In order to bring the PC graphics card market, which has been driven by the cryptocurrency mining boom, back on track, Nvidia has stated that it will fully deploy measures to limit hash computing power on the subsequent newly released RTX 30 series graphics cards. Although RTX 3060 was launched at the beginning of its launch, it caused a misunderstanding of "cracking Ethereum (ETH) computing power through a developer driver", the majority of gamers still gritted their teeth and chose to "believe in Nvidia again".

VideoCardz reported that Nvidia tried to limit the hash computing power of RTX 3060 graphics card through improvements based on GPU hardware.
Before the ETH mining computing power of the RTX 3060 graphics card launched in February was cracked, the graphics card vBIOS and driver will limit the computing power to about 50% when ETH mining is detected.
embarrassingly, this measure was easily bypassed with the official unexpected release of a developer driver that unbanned computing power (it was too late to withdraw), and some people tried to flash the old version of vBIOS.

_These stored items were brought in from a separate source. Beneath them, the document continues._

(* Let $c>1$ and $\alpha>0$ be fixed. Then, as $N\to\infty$, $$\sum_{\substack{N<mp^a\le cN\\ p^a>N/\log^\alpha N}}\frac1{mp^a}=\frac{\alpha(\log c)(\log\log N)}{\log N}+O\!\left(\frac1{\log N}\right),$$ where the sum is over pairs $(m,p^a)$ with $m$ a positive integer, $p$ prime and $a\ge1$. Also, $$\sum_{\substack{N<mp\le cN\\ p>N/\log^\alpha N}}\frac1{mp}=\frac{\alpha(\log c)(\log\log N)}{\log N}+O\!\left(\frac1{\log N}\right),$$ the sum being over pairs $(m,p)$ with $m$ a positive integer and $p$ prime. *)

theory Defs
  imports "HOL-Analysis.Analysis" "HOL-Library.Landau_Symbols"
begin

text \<open>Sum over triples (m,p,a), m \<ge> 1, p prime, a \<ge> 1 (each prime power p^a
  corresponds to a unique pair (p,a)), with N < m p^a \<le> cN and p^a > N / (log N)^alpha.\<close>
definition prime_power_sum :: "real \<Rightarrow> real \<Rightarrow> nat \<Rightarrow> real" where
  "prime_power_sum c \<alpha> N =
     (\<Sum>(m, p, a) \<in> {(m, p, a). m \<ge> 1 \<and> prime p \<and> a \<ge> 1 \<and>
          real N < real (m * p ^ a) \<and> real (m * p ^ a) \<le> c * real N \<and>
          real (p ^ a) > real N / (ln (real N)) powr \<alpha>}.
        1 / real (m * p ^ a))"

definition prime_sum :: "real \<Rightarrow> real \<Rightarrow> nat \<Rightarrow> real" where
  "prime_sum c \<alpha> N =
     (\<Sum>(m, p) \<in> {(m, p). m \<ge> 1 \<and> prime p \<and>
          real N < real (m * p) \<and> real (m * p) \<le> c * real N \<and>
          real p > real N / (ln (real N)) powr \<alpha>}.
        1 / real (m * p))"

end

(*
  Grouping the pairs (m, p) by p, the sum over m is a harmonic sum over (N/p, cN/p], which is
  log c + O(p/N) for p <= N and at most c for p > N. With y = N / log^alpha N, the primes in
  (y, N] thus contribute log c times the sum of 1/p over them, up to an error O(pi(N)/N), and
  the primes in (N, cN] contribute O(1/log N) because 1/p <= log p / (p log N).
  By Mertens' estimate the sum of log p / p over (y, N] is log N - log y + O(1), that is
  alpha log log N + O(1). Since log y < log p <= log N there and log y = log N - alpha log log N,
  comparing 1/p with log p / (p log N) and log p / (p log y) gives the sum of 1/p over (y, N]
  without partial summation.
  The pairs (m, p^a) with a >= 2 number O(log^alpha N sqrt N log N), each term being < 1/N.
  Chebyshev's bound psi(n) = O(n) and Mertens' estimate follow from
  log n! = sum of Lambda(d) floor(n/d), from n log n - n <= log n! <= n log n and from
  binomial(2k, k) <= 4^k.
*)

theory Submission
  imports Defs "HOL-Number_Theory.Prime_Powers" "HOL-Real_Asymp.Real_Asymp"
begin

section \<open>Chebyshev's bound and Mertens' estimate\<close>

definition chebyshev_psi :: "nat \<Rightarrow> real" where
  "chebyshev_psi n = (\<Sum>d\<in>{1..n}. mangoldt d)"

lemma sum_atLeastAtMost_split:
  fixes f :: "nat \<Rightarrow> 'a::comm_monoid_add"
  assumes "a \<le> b"
  shows "(\<Sum>d\<in>{1..b}. f d) = (\<Sum>d\<in>{1..a}. f d) + (\<Sum>d\<in>{a<..b}. f d)"
proof -
  have "{1..b} = {1..a} \<union> {a<..b}" using assms by auto
  then show ?thesis by (simp add: sum.union_disjoint ivl_disj_int)
qed

lemma ln_fact_conv_sum_mangoldt:
  assumes "n \<le> M"
  shows "ln (fact n :: real) = (\<Sum>d\<in>{1..M}. mangoldt d * real (n div d))"
  using assms
proof (induction n)
  case 0
  then show ?case by simp
next
  case (Suc n)
  have divisors: "{d. d dvd Suc n} = {d\<in>{1..M}. d dvd Suc n}"
    using Suc.prems by (auto dest: dvd_imp_le intro: Suc_leI dvd_pos_nat)
  have "ln (fact (Suc n) :: real) = ln (real (Suc n)) + ln (fact n)"
    by (simp add: ln_mult del: of_nat_Suc)
  also have "ln (real (Suc n)) = (\<Sum>d\<in>{d\<in>{1..M}. d dvd Suc n}. mangoldt d)"
    using mangoldt_sum[of "Suc n", where 'a=real] by (simp add: divisors)
  also have "\<dots> = (\<Sum>d\<in>{1..M}. mangoldt d * (if d dvd Suc n then 1 else 0))"
    by (subst sum.inter_filter) (auto intro!: sum.cong)
  also have "ln (fact n :: real) = (\<Sum>d\<in>{1..M}. mangoldt d * real (n div d))"
    using Suc by simp
  also have "(\<Sum>d\<in>{1..M}. mangoldt d * (if d dvd Suc n then 1 else 0)) + \<dots>
      = (\<Sum>d\<in>{1..M}. mangoldt d * real (Suc n div d))"
    by (subst sum.distrib[symmetric], intro sum.cong refl)
      (auto simp: div_Suc dvd_eq_mod_eq_0 algebra_simps)
  finally show ?case .
qed

lemma chebyshev_psi_mono: "m \<le> n \<Longrightarrow> chebyshev_psi m \<le> chebyshev_psi n"
  unfolding chebyshev_psi_def by (intro sum_mono2) (auto simp: mangoldt_nonneg)

lemma chebyshev_psi_double_diff_le: "chebyshev_psi (2 * k) - chebyshev_psi k \<le> 2 * real k * ln 2"
proof -
  define w where "w d = real ((2 * k) div d) - 2 * real (k div d)" for d
  have w_nonneg: "w d \<ge> 0" if "d > 0" for d
  proof -
    have "2 * (k div d) * d \<le> 2 * k" using div_times_less_eq_dividend[of k d] by simp
    then have "2 * (k div d) \<le> (2 * k) div d" using that by (simp add: less_eq_div_iff_mult_less_eq)
    then show ?thesis unfolding w_def by linarith
  qed
  have w_top: "w d = 1" if "d \<in> {k<..2 * k}" for d
  proof -
    have "(2 * k) div d = 1" using that by (intro div_nat_eqI) auto
    then show ?thesis using that unfolding w_def by simp
  qed
  have "chebyshev_psi (2 * k) - chebyshev_psi k = (\<Sum>d\<in>{k<..2 * k}. mangoldt d * w d)"
    unfolding chebyshev_psi_def using sum_atLeastAtMost_split[of k "2 * k" "mangoldt :: nat \<Rightarrow> real"]
    by (simp add: w_top)
  also have "\<dots> \<le> (\<Sum>d\<in>{1..2 * k}. mangoldt d * w d)"
    by (intro sum_mono2) (auto intro!: mult_nonneg_nonneg mangoldt_nonneg w_nonneg)
  also have "\<dots> = ln (fact (2 * k)) - 2 * ln (fact k)"
    using ln_fact_conv_sum_mangoldt[of "2 * k" "2 * k"] ln_fact_conv_sum_mangoldt[of k "2 * k"]
    by (simp add: w_def sum_subtractf sum_distrib_left algebra_simps)
  also have "\<dots> = ln (real ((2 * k) choose k))"
  proof -
    have "fact (2 * k) = (fact k * fact k * ((2 * k) choose k) :: real)"
      using binomial_fact_lemma[of k "2 * k"] by (simp flip: of_nat_mult)
    then show ?thesis by (simp add: ln_mult)
  qed
  also have "\<dots> \<le> ln (2 ^ (2 * k))"
    using binomial_le_pow2[of "2 * k" k] by (subst ln_le_cancel_iff) (auto simp flip: of_nat_le_iff)
  also have "\<dots> = 2 * real k * ln 2" by (simp add: ln_realpow)
  finally show ?thesis .
qed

Matt Wuebbling, head of global marketing at Nvidia GeForce, said in a blog post: "Our company has designed the GeForce GPU for gamers, but everyone is obviously eager to gain more."

It is said that starting with the GeForce version 466.27 driver, Nvidia has once again introduced cryptocurrency mining restrictions. And RTX 3060 graphics cards that have been shipped from May will be bundled with new drivers.
In addition, VideoCardz added that measures to streamline hash computing power (LHR) will be spread across all new RTX 30 series cards, including the upgraded version of the 3060 Ti / 3070 / 3080 (the price-to-price RTX 3090 flagship product line may be an exception).
as an auxiliary solution, the company has also launched a dedicated cryptocurrency mining chip (CMP series). However, from the perspective of cost-effectiveness and second-hand residual value , not many miners are willing to choose this mining-specific GPU.
After all, even if there is a "mine disaster" caused by the currency price collapse, mine owners can still regain their capital by "selling" the mine cards at a low price. However, mining cards (and customized mining machines) without display output interfaces have become a bunch of electronic waste that no one wants to take over.